Ну, это было довольно давно. Товарищ не был ни каким хацкером, наоборот, был очень увлечён системами банковской безопасности и, по-моему, как раз в одном банке по безопасности работал. Профвопросы обсуждались на каком-то профессиональном форуме. Ну, вот и всплыла тема теоретической уязвимости. А через некоторое время совсем в другом городе корону, вроде, грабанули. Ну, конечно же, двадцатилетний парень внезапно "оказался" организатором банды (вспоминаем Дмитрия Богатова, держателя торовской экзит ноды, внезапно оказавшегося "экстремистом"), менты приехали из другого города, заковали чувака в наручники и, не сообщая никому, увезли в неизвестном направлении. После долгих поисков родня обнаружила его в сизо в не очень соседнем городе. В общем, провёл он в застенках от полугода, изрядно попортил здоровье, на каких условиях его удалось вызволить я не в курсе, но потом он распродавал аппаратуру — биометрические сканнеры и подобное, которыми занимался.
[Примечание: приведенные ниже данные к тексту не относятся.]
text \<open>Write \<open>\<epsilon>\<^sub>n = (-1)^\<lfloor>ns/r\<rfloor>\<close> for the sign of \<open>[n]\<close>. Every sign in
  \<open>V\<^sub>q\<close> is a product of these, so the structure constants of \<open>V\<^sub>q\<close> in the basis
  \<open>e\<^sub>k\<close> are explicit \<open>\<plusminus>1\<close>'s, and the signed shift
  \<open>w\<^sub>k \<mapsto> w\<^sub>k\<^sub>-\<^sub>1 - \<epsilon>\<^sub>k\<^sub>+\<^sub>1 \<epsilon>\<^sub>k\<^sub>+\<^sub>2 w\<^sub>k\<^sub>+\<^sub>1\<close> commutes with the product.
  That commutation reduces to an identity between the \<open>\<epsilon>\<^sub>n\<close>, which follows from the
  fact that \<open>\<lfloor>(x + y)s/r\<rfloor> - \<lfloor>xs/r\<rfloor> - \<lfloor>ys/r\<rfloor>\<close> is a carry \<open>0\<close> or \<open>1\<close>.
  Hence \<open>\<phi>(p) = p(shift\<^sup>2) e\<^sub>0\<close> is a ring homomorphism \<open>\<rat>[t] \<rightarrow> V\<^sub>q\<close>. It lands in
  \<open>V\<^sub>q\<^sup>+\<close>, and is onto it since \<open>\<phi>(t\<^sup>m) = e\<^sub>2\<^sub>m\<close> plus lower even basis vectors.
  Multiplying out the Riley matrices two at a time, \<open>\<phi>\<close> maps the first column of
  \<open>A\<^sub>1 \<cdots> A\<^sub>2\<^sub>j\<close> to \<open>(\<plusminus>e\<^sub>2\<^sub>j, \<Sum>\<^sub>i\<^sub><\<^sub>j \<plusminus>e\<^sub>2\<^sub>i)\<close>; at \<open>2j = r - 1\<close> the first
  entry has left \<open>V\<^sub>q\<close>, so \<open>\<phi>(R) = 0\<close>. As \<open>deg R = (r - 1)/2\<close> while \<open>\<phi>\<close> is injective on
  polynomials of degree at most \<open>(r - 3)/2\<close>, the kernel is exactly \<open>(R)\<close>.\<close>

lemma sign_real_mult: "sign_real (x * y) = sign_real x * sign_real y"
  by (auto simp: sign_real_def zero_less_mult_iff mult_less_0_iff)

lemma sign_real_divide: "sign_real (x / y) = sign_real x * sign_real y"
proof -
  have "sign_real (inverse y) = sign_real y" by (auto simp: sign_real_def)
  then show ?thesis by (simp add: divide_inverse sign_real_mult)
qed

lemma sign_real_neg_one_power: "sign_real ((-1) ^ n) = (-1) ^ n"
  by (cases "even n") (auto simp: sign_real_def)

lemma neg_one_power_cases: "(-1 :: int) ^ n = 1 \<or> (-1 :: int) ^ n = -1"
  by (metis neg_one_even_power neg_one_odd_power)

lemma triangle_decomp:
  fixes i j k :: nat
  assumes "i \<le> j + k" "j \<le> i + k" "k \<le> i + j" "even (i + j + k)"
  obtains a b c where "i = b + c" "j = a + c" "k = a + b"
proof
  have "even (j + k - i)" "even (i + k - j)" "even (i + j - k)"
    using assms by presburger+
  then have "2 * ((j + k - i) div 2) = j + k - i" "2 * ((i + k - j) div 2) = i + k - j"
    "2 * ((i + j - k) div 2) = i + j - k" by simp_all
  then show "i = (i + k - j) div 2 + (i + j - k) div 2" "j = (j + k - i) div 2 + (i + j - k) div 2"
    "k = (j + k - i) div 2 + (i + k - j) div 2"
    using assms(1-3) by linarith+
qed

lemma floor_div_add_cases:
  fixes x y r :: nat
  assumes "r > 0"
  shows "(x + y) div r = x div r + y div r \<or> (x + y) div r = x div r + y div r + 1"
proof -
  have "x mod r < r" "y mod r < r" using assms by simp_all
  then have "x mod r + y mod r < 2 * r" by linarith
  then have "(x mod r + y mod r) div r < 2" by (simp add: less_mult_imp_div_less)
  then show ?thesis using div_add1_eq[of x y r] by linarith
qed

lemma theta_abc:
  "theta r s (b + c) (a + c) (a + b) = (-1) ^ (a + b + c) *
     (qfact r s (a + b + c + 1) * qfact r s a * qfact r s b * qfact r s c)
       / (qfact r s (a + b) * qfact r s (a + c) * qfact r s (b + c))"
proof -
  have "(a + c + (a + b) - (b + c)) div 2 = a" "(b + c + (a + b) - (a + c)) div 2 = b"
    "(b + c + (a + c) - (a + b)) div 2 = c" by simp_all
  then show ?thesis unfolding theta_def Let_def by (simp only:)
qed

lemma sum_shift_down_adjoint:
  fixes v g :: "nat \<Rightarrow> 'a::semiring_0"
  shows "(\<Sum>j\<le>N. (if 1 \<le> j then v (j - 1) else 0) * g j)
       = (\<Sum>j\<le>N. v j * (if j + 1 \<le> N then g (j + 1) else 0))"
proof (cases N)
  case (Suc M)
  have "(\<Sum>j\<le>N. (if 1 \<le> j then v (j - 1) else 0) * g j) = (\<Sum>j\<le>M. v j * g (Suc j))"
    unfolding Suc sum.atMost_Suc_shift by simp
  moreover have "(\<Sum>j\<le>M. v j * (if j + 1 \<le> Suc M then g (j + 1) else 0)) = (\<Sum>j\<le>M. v j * g (Suc j))"
    by (intro sum.cong refl) auto
  ultimately show ?thesis unfolding Suc sum.atMost_Suc by simp
qed simp

lemma sum_shift_up_adjoint:
  fixes v g :: "nat \<Rightarrow> 'a::semiring_0"
  shows "(\<Sum>j\<le>N. (if j + 1 \<le> N then v (j + 1) else 0) * g j)
       = (\<Sum>j\<le>N. v j * (if 1 \<le> j then g (j - 1) else 0))"
proof (cases N)
  case (Suc M)
  have "(\<Sum>j\<le>M. (if j + 1 \<le> Suc M then v (j + 1) else 0) * g j) = (\<Sum>j\<le>M. v (Suc j) * g j)"
    by (intro sum.cong refl) auto
  moreover have "(\<Sum>j\<le>N. v j * (if 1 \<le> j then g (j - 1) else 0)) = (\<Sum>j\<le>M. v (Suc j) * g j)"
    unfolding Suc sum.atMost_Suc_shift by simp
  ultimately show ?thesis unfolding Suc sum.atMost_Suc by simp
qed simp

lemma sum_signed_shift_adjoint:
  fixes v g c :: "nat \<Rightarrow> 'a::comm_ring"
  shows "(\<Sum>j\<le>N. ((if 1 \<le> j then v (j - 1) else 0)
                       - (if j + 1 \<le> N then c j * v (j + 1) else 0)) * g j)
       = (\<Sum>j\<le>N. v j * ((if j + 1 \<le> N then g (j + 1) else 0)
                           - (if 1 \<le> j then c (j - 1) * g (j - 1) else 0)))"
proof -
  have "(\<Sum>j\<le>N. (if j + 1 \<le> N then c j * v (j + 1) else 0) * g j)
      = (\<Sum>j\<le>N. (if j + 1 \<le> N then v (j + 1) else 0) * (c j * g j))"
    by (intro sum.cong refl) (simp add: mult_ac)
  also have "\<dots> = (\<Sum>j\<le>N. v j * (if 1 \<le> j then c (j - 1) * g (j - 1) else 0))"
    by (rule sum_shift_up_adjoint)
  finally show ?thesis
    unfolding left_diff_distrib right_diff_distrib sum_subtractf sum_shift_down_adjoint by simp
qed

lemma sum_vbasis_mult:
  assumes "k \<le> N"
  shows "(\<Sum>j\<le>N. vbasis k j * g j) = g k"
proof -
  have "(\<Sum>j\<le>N. vbasis k j * g j) = (\<Sum>j\<le>N. if j = k then g k else 0)"
    by (intro sum.cong refl) (auto simp: vbasis_def)
  then show ?thesis using assms by simp
qed

lemma pmat_mult_assoc: "pmat_mult (pmat_mult A B) C = pmat_mult A (pmat_mult B C)"
  by (cases A; cases B; cases C) (simp add: pmat_mult_def algebra_simps)

lemma pmat_mult_id_left: "pmat_mult pmat_id A = A"
  by (cases A) (simp add: pmat_mult_def pmat_id_def)

lemma pmat_mult_id_right: "pmat_mult A pmat_id = A"
  by (cases A) (simp add: pmat_mult_def pmat_id_def)

lemma pmat_prod_Suc_right: "pmat_prod A i (Suc n) = pmat_mult (pmat_prod A i n) (A (i + n))"
proof (induction n arbitrary: i)
  case 0
  then show ?case by (simp add: pmat_mult_id_left pmat_mult_id_right)
next
  case (Suc n)
  have "pmat_prod A i (Suc (Suc n)) = pmat_mult (A i) (pmat_prod A (Suc i) (Suc n))" by simp
  also have "\<dots> = pmat_mult (A i) (pmat_mult (pmat_prod A (Suc i) n) (A (Suc i + n)))"
    by (simp only: Suc.IH)
  also have "\<dots> = pmat_mult (pmat_prod A i (Suc n)) (A (i + Suc n))"
    by (simp add: pmat_mult_assoc)
  finally show ?case .
qed

section \<open>Signs of quantum integers\<close>

locale two_bridge =
  fixes r s :: nat
  assumes r_ge_3: "r \<ge> 3" and odd_r: "odd r" and odd_s: "odd s"
    and coprime_rs: "coprime r s" and s_pos: "0 < s" and s_less_r: "s < r"
begin

definition angle :: real where "angle = pi * real s / real r"

lemma sin_angle_pos: "sin angle > 0"
  using s_pos s_less_r by (intro sin_gt_zero) (auto simp: angle_def field_simps)

lemma qint_eq_sin: "qint r s n = sin (real n * angle) / sin angle"
proof -
  have diff: "cis x - cis (-x) = complex_of_real (2 * sin x) * \<i>" for x
    by (simp add: complex_eq_iff)
  have q: "qroot r s = cis angle" by (simp add: qroot_def cis_conv_exp angle_def)
  have "inverse (cis angle) ^ n = cis (-(real n * angle))" by (simp add: DeMoivre)
  then have "(qroot r s ^ n - inverse (qroot r s) ^ n) / (qroot r s - inverse (qroot r s))
      = complex_of_real (2 * sin (real n * angle)) * \<i> / (complex_of_real (2 * sin angle) * \<i>)"
    by (simp add: q DeMoivre diff)
  also have "\<dots> = complex_of_real (sin (real n * angle) / sin angle)"
    by (simp add: field_simps)
  finally show ?thesis by (simp add: qint_def)
qed

lemma not_dvd_mult_s: "1 \<le> n \<Longrightarrow> n \<le> r - 1 \<Longrightarrow> \<not> r dvd n * s"
  using coprime_rs by (auto simp: coprime_dvd_mult_left_iff dest: dvd_imp_le)

definition floor_ns :: "nat \<Rightarrow> nat" where "floor_ns n = n * s div r"

lemma qint_sign:
  assumes "1 \<le> n" "n \<le> r - 1"
  shows "sign_real (qint r s n) = (-1) ^ floor_ns n" and "qint r s n \<noteq> 0"
proof -
  define \<rho> where "\<rho> = n * s mod r"
  have rho: "0 < \<rho>" "\<rho> < r"
    using not_dvd_mult_s[OF assms] r_ge_3 by (auto simp: \<rho>_def dvd_eq_mod_eq_0)
  have ns: "n * s = floor_ns n * r + \<rho>" by (simp add: floor_ns_def \<rho>_def)
  have "real n * angle = pi * real (n * s) / real r" by (simp add: angle_def)
  also have "\<dots> = pi * (real (floor_ns n) * real r + real \<rho>) / real r"
    by (simp only: ns) simp
  also have "\<dots> = real (floor_ns n) * pi + pi * real \<rho> / real r"
    using r_ge_3 by (simp add: field_simps)
  finally have "sin (real n * angle) = (-1) ^ floor_ns n * sin (pi * real \<rho> / real r)"
    by (simp add: sin_add)
  moreover have "sin (pi * real \<rho> / real r) > 0"
    using rho by (intro sin_gt_zero) (auto simp: field_simps)
  ultimately have q: "qint r s n = (-1) ^ floor_ns n * (sin (pi * real \<rho> / real r) / sin angle)"
    and pos: "sin (pi * real \<rho> / real r) / sin angle > 0"
    using sin_angle_pos by (simp_all add: qint_eq_sin)
  have "sign_real (sin (pi * real \<rho> / real r) / sin angle) = 1"
    using pos by (simp add: sign_real_def)
  then show "sign_real (qint r s n) = (-1) ^ floor_ns n"
    unfolding q sign_real_mult sign_real_neg_one_power by simp
  show "qint r s n \<noteq> 0" unfolding q using pos
    by (metis less_irrefl mult_eq_0_iff power_eq_0_iff neg_one_neq_zero)
qed

abbreviation \<epsilon> :: "nat \<Rightarrow> int" where "\<epsilon> n \<equiv> eps r s n"

lemma eps_eq: "1 \<le> n \<Longrightarrow> n \<le> r - 1 \<Longrightarrow> \<epsilon> n = (-1) ^ floor_ns n"
  using qint_sign by (simp add: eps_def)

lemma eps_cases: "1 \<le> n \<Longrightarrow> n \<le> r - 1 \<Longrightarrow> \<epsilon> n = 1 \<or> \<epsilon> n = -1"
  using eps_eq neg_one_power_cases by metis

lemma eps_square: "1 \<le> n \<Longrightarrow> n \<le> r - 1 \<Longrightarrow> \<epsilon> n * \<epsilon> n = 1"
  using eps_cases by fastforce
Может ушёл из темы, может срулил из дебильного госустройства.
ЗЫ. Я, в общем-то, о том же — автор статьи под своим именем в и российской юрисдикции с практически "признательнымы показаниями". Очень удобная цель для мразей из потребпозора :(
ЗЗЫ. Насколько мне изменяет память, грабанули тогда корону банальным вскрытием банкомата с помощью грузовика, но кого волнуют такие "мелочи"…
вы смелый человек
В ответ могу лишь повторить слова президента: кому суждено быть повешенным, тот не утонет. Большей определённости от будущего ждать сложно.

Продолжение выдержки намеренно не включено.